* [ACTION ITEM] Only the lines from the one containing "from connected_on_one_side_of_line[OF this]" through the end of the listing below belong in your answer; retype them exactly.

* [DATA]

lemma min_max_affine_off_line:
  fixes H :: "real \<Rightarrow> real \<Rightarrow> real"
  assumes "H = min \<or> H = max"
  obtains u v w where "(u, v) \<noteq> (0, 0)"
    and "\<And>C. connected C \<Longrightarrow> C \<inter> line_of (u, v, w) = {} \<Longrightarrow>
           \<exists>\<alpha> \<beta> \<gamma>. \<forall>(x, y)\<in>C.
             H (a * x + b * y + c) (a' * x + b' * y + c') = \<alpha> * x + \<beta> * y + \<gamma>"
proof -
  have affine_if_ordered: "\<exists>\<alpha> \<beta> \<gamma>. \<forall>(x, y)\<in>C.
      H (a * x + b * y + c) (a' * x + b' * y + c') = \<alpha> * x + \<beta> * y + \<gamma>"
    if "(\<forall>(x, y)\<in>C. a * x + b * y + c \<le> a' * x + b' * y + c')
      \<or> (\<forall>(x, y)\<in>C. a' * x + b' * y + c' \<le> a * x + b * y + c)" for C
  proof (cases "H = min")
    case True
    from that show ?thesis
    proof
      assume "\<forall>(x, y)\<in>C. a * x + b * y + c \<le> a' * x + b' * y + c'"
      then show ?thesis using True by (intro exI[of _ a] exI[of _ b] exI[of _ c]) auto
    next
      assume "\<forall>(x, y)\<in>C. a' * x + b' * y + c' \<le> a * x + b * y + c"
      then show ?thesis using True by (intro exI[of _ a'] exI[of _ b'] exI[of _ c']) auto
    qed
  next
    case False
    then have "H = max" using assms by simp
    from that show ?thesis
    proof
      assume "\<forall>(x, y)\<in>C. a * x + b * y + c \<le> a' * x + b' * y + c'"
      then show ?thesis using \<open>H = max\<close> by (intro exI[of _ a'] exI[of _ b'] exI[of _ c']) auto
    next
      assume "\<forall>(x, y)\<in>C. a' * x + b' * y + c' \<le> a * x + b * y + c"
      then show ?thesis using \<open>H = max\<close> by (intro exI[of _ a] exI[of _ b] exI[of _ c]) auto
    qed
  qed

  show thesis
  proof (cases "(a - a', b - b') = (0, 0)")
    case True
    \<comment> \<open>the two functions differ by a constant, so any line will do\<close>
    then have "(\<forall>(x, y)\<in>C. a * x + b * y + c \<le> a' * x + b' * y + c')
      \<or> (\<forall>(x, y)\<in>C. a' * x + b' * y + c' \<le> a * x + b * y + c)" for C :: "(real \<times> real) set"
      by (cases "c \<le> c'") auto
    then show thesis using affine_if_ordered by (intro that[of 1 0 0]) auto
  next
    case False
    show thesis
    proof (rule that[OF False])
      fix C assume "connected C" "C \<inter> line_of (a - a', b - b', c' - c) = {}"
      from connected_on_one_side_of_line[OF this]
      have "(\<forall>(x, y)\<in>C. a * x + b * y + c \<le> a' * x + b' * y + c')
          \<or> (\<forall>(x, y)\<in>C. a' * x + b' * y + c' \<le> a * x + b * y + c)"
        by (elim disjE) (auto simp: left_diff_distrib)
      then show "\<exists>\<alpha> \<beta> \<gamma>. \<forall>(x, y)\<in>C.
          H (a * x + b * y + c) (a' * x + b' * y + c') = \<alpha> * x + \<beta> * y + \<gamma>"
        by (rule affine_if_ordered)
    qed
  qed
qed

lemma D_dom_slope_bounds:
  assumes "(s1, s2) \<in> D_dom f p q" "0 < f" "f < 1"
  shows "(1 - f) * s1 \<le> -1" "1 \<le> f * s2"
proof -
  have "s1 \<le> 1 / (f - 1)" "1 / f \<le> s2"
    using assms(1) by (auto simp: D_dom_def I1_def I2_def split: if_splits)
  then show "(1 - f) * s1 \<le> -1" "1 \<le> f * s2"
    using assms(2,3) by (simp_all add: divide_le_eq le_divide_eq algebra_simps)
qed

* [SOLUTION]
      from connected_on_one_side_of_line[OF this]
      have "(\<forall>(x, y)\<in>C. a * x + b * y + c \<le> a' * x + b' * y + c')
          \<or> (\<forall>(x, y)\<in>C. a' * x + b' * y + c' \<le> a * x + b * y + c)"
        by (elim disjE) (auto simp: left_diff_distrib)
      then show "\<exists>\<alpha> \<beta> \<gamma>. \<forall>(x, y)\<in>C.
          H (a * x + b * y + c) (a' * x + b' * y + c') = \<alpha> * x + \<beta> * y + \<gamma>"
        by (rule affine_if_ordered)
    qed
  qed
qed

lemma D_dom_slope_bounds:
  assumes "(s1, s2) \<in> D_dom f p q" "0 < f" "f < 1"
  shows "(1 - f) * s1 \<le> -1" "1 \<le> f * s2"
proof -
  have "s1 \<le> 1 / (f - 1)" "1 / f \<le> s2"
    using assms(1) by (auto simp: D_dom_def I1_def I2_def split: if_splits)
  then show "(1 - f) * s1 \<le> -1" "1 \<le> f * s2"
    using assms(2,3) by (simp_all add: divide_le_eq le_divide_eq algebra_simps)
qed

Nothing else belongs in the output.